PROMPT: Below are the records; collect from them each line containing the string "unfolding".

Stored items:
-*-*-

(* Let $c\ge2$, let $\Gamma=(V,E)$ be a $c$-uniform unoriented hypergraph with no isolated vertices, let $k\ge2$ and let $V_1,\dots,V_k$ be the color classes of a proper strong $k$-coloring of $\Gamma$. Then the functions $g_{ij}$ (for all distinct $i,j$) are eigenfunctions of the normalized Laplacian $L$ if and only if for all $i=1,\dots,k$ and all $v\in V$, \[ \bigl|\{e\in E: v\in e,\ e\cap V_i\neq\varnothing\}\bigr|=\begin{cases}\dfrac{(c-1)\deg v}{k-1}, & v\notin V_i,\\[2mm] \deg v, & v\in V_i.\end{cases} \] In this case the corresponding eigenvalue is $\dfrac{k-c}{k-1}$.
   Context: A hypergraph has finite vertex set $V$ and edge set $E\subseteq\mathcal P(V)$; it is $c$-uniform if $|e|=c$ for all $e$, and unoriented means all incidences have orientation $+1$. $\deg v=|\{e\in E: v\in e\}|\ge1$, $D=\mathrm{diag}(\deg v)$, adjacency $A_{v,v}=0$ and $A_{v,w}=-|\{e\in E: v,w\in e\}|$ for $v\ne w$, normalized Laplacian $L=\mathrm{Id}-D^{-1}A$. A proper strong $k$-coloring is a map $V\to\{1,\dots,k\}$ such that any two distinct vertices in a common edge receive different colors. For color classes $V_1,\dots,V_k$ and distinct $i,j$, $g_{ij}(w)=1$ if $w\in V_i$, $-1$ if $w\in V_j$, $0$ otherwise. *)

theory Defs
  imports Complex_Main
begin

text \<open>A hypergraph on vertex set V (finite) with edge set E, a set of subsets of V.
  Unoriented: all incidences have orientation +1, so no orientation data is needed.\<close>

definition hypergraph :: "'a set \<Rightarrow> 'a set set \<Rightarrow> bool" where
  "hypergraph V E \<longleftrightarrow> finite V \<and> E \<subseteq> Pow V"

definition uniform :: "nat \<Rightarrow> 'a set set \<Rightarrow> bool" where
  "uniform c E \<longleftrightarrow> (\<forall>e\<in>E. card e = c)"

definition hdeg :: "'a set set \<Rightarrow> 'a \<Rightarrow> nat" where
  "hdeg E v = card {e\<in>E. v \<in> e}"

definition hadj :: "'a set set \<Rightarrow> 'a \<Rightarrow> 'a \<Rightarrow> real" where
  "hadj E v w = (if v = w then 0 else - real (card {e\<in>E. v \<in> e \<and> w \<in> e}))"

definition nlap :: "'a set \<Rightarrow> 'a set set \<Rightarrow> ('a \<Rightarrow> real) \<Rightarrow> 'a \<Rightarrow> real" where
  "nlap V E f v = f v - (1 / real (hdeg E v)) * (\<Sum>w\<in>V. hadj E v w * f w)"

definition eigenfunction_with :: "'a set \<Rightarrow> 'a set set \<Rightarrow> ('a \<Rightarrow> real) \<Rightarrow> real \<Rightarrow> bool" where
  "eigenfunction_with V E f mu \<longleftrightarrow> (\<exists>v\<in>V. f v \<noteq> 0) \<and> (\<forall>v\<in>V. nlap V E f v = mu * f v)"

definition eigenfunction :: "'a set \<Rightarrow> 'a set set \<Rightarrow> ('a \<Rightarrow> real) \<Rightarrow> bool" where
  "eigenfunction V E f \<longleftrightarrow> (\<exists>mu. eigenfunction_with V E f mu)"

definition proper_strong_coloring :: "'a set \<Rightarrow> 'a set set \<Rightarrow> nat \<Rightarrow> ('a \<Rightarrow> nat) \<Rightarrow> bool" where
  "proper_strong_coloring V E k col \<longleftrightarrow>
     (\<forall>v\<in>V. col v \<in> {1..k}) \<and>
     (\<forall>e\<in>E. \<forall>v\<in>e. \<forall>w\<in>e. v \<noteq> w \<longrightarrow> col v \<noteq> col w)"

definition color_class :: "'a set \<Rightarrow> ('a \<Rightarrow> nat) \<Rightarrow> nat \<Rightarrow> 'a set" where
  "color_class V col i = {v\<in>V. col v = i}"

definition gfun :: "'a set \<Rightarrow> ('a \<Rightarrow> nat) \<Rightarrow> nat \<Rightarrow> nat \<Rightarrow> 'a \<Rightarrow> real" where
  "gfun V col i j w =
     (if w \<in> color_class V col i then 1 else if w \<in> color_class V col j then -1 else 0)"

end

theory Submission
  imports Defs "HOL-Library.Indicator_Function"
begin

-*-*-

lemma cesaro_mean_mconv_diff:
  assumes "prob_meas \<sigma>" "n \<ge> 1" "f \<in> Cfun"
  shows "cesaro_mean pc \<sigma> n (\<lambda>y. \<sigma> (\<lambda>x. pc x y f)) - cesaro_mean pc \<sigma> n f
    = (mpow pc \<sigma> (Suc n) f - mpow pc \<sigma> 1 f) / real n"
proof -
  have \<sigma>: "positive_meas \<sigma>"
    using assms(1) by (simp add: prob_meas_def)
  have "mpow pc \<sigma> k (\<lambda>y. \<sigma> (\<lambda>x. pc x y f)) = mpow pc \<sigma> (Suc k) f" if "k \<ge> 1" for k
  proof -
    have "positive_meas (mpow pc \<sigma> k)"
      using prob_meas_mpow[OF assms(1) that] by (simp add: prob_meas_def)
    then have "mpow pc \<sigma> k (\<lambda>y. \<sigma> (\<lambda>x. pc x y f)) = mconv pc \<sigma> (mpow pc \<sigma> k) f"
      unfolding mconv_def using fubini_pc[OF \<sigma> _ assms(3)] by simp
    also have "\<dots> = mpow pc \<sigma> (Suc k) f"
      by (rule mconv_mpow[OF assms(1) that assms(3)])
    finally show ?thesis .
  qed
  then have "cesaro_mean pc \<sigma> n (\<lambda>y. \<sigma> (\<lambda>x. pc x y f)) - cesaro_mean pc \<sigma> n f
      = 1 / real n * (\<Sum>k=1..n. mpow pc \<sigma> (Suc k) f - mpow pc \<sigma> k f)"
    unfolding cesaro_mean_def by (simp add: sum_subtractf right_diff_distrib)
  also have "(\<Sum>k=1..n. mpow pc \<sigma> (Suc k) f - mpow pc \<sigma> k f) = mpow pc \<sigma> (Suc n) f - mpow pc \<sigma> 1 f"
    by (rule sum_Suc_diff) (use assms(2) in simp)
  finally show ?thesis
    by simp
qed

-*-*-

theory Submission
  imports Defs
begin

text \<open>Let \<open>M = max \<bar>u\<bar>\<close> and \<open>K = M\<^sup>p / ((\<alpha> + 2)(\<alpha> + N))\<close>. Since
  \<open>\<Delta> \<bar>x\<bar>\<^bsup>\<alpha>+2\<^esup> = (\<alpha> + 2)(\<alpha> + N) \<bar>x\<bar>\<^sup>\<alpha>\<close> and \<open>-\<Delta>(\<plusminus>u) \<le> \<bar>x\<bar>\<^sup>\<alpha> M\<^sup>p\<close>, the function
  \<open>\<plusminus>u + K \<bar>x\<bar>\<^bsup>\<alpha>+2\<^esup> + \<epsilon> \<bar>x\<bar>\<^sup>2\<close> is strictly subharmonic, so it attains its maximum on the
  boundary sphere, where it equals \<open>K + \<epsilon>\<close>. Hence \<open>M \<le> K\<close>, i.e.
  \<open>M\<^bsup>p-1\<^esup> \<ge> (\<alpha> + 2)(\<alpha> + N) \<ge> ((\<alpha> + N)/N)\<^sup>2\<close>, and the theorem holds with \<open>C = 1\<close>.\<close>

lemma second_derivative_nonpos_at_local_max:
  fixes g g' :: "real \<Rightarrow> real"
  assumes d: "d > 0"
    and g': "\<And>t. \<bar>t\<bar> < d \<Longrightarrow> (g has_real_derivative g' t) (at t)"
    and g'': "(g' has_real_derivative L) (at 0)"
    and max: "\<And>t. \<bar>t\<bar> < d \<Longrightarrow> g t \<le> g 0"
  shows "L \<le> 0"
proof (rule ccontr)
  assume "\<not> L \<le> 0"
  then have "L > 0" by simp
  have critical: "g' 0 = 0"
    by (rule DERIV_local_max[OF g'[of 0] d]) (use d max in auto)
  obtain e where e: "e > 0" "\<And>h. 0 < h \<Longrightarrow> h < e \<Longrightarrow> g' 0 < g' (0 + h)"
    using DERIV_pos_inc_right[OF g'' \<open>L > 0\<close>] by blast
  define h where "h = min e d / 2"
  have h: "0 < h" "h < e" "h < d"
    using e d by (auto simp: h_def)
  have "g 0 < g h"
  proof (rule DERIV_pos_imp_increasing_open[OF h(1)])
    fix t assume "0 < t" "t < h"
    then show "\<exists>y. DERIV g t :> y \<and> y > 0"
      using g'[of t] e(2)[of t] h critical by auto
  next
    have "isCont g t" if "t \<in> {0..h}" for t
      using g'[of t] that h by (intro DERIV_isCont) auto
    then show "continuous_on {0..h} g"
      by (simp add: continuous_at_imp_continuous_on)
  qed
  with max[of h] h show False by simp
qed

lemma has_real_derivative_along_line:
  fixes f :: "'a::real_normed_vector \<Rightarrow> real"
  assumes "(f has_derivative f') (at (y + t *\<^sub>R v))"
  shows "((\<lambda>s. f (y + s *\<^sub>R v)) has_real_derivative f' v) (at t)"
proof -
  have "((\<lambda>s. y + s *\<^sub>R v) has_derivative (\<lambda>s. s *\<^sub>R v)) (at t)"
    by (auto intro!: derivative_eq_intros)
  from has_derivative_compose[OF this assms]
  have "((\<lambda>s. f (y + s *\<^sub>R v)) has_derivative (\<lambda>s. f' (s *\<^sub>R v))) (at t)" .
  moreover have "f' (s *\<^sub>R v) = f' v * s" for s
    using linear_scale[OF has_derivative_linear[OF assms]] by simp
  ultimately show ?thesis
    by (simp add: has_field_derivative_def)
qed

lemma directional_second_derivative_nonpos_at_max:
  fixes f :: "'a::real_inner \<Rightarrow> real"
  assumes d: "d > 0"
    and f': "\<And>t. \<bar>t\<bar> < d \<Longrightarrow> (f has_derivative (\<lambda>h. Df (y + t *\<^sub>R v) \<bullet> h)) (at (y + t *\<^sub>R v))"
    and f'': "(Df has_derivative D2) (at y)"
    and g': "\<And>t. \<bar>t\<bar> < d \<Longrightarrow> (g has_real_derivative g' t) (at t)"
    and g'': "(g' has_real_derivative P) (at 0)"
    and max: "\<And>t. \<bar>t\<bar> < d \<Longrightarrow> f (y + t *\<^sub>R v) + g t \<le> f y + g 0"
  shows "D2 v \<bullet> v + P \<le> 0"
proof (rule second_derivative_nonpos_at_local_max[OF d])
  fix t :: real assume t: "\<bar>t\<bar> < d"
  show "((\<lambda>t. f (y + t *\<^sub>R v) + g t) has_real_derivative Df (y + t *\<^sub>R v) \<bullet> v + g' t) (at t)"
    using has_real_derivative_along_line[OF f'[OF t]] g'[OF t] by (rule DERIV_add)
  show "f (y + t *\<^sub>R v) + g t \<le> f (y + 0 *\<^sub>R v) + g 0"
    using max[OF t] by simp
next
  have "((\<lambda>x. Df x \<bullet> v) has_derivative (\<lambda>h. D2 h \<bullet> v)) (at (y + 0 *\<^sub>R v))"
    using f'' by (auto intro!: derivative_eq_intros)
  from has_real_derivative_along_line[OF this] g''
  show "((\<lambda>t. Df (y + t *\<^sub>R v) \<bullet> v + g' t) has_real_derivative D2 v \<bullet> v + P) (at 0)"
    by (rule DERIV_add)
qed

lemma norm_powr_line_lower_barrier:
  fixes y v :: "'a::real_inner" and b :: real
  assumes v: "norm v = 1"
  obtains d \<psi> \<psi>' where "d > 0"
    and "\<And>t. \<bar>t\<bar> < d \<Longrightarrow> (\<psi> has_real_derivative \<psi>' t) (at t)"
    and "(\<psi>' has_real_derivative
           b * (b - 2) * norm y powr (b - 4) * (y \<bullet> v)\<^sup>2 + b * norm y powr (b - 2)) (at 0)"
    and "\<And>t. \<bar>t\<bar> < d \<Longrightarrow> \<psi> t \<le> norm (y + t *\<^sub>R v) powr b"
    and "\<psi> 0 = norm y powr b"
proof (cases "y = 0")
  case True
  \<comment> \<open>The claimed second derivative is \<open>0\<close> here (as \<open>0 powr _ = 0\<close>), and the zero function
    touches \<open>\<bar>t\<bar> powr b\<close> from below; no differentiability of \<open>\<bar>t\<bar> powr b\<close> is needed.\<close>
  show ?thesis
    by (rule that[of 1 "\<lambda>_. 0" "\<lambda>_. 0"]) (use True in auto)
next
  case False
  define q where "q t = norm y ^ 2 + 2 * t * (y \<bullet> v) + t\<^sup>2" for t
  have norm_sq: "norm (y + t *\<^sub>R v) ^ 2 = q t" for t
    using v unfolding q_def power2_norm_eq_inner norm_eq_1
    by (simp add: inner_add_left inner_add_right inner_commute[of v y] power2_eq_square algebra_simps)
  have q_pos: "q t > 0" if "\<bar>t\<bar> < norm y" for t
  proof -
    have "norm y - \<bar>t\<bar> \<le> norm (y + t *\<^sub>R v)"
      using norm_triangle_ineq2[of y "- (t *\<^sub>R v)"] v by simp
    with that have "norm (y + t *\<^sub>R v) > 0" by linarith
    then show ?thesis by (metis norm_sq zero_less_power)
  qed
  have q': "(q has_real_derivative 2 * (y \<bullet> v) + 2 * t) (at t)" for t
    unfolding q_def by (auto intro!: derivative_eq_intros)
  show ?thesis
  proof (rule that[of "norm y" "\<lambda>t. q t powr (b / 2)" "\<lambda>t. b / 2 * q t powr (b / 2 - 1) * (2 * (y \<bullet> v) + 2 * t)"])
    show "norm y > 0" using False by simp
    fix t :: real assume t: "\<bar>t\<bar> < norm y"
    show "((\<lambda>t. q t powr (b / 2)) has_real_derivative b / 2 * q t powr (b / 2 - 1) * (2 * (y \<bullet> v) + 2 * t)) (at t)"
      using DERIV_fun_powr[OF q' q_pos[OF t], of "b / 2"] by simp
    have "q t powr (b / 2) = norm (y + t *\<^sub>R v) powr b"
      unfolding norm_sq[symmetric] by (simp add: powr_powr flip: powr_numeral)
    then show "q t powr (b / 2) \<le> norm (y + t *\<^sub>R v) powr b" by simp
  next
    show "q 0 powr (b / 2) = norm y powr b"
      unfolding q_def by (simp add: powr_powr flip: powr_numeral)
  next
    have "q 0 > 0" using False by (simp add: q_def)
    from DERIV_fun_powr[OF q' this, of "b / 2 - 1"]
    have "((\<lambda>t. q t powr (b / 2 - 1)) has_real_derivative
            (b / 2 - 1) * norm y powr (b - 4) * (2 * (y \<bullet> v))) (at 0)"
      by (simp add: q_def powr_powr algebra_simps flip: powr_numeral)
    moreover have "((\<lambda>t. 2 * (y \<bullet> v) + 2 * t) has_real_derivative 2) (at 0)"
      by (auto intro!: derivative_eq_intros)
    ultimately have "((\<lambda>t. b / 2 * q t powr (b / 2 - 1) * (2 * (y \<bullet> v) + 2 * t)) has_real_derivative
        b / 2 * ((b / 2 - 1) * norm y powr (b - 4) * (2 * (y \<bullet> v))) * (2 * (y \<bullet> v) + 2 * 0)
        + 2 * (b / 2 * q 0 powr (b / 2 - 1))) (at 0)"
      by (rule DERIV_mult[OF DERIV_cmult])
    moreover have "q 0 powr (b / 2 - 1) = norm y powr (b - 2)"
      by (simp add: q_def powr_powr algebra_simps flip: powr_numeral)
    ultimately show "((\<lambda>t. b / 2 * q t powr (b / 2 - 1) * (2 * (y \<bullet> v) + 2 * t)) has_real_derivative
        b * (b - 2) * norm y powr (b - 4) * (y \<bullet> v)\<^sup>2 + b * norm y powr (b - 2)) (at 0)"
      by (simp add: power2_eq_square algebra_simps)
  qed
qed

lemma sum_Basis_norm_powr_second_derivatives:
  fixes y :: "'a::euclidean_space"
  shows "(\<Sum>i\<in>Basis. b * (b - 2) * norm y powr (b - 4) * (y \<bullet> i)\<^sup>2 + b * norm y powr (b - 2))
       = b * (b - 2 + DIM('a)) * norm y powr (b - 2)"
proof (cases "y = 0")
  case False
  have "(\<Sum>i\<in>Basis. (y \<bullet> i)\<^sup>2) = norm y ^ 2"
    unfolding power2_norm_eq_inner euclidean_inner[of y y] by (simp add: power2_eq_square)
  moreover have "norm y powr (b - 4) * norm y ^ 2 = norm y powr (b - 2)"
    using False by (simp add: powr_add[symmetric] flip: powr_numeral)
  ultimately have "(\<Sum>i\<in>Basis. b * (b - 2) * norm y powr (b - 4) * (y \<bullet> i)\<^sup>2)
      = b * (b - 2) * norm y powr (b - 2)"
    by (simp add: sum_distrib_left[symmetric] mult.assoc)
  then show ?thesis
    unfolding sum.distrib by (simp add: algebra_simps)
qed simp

-*-*-

OUTPUT BELOW:
      unfolding mconv_def using fubini_pc[OF \<sigma> _ assms(3)] by simp
    unfolding cesaro_mean_def by (simp add: sum_subtractf right_diff_distrib)
    using v unfolding q_def power2_norm_eq_inner norm_eq_1
    unfolding q_def by (auto intro!: derivative_eq_intros)
      unfolding norm_sq[symmetric] by (simp add: powr_powr flip: powr_numeral)
      unfolding q_def by (simp add: powr_powr flip: powr_numeral)
    unfolding power2_norm_eq_inner euclidean_inner[of y y] by (simp add: power2_eq_square)
    unfolding sum.distrib by (simp add: algebra_simps)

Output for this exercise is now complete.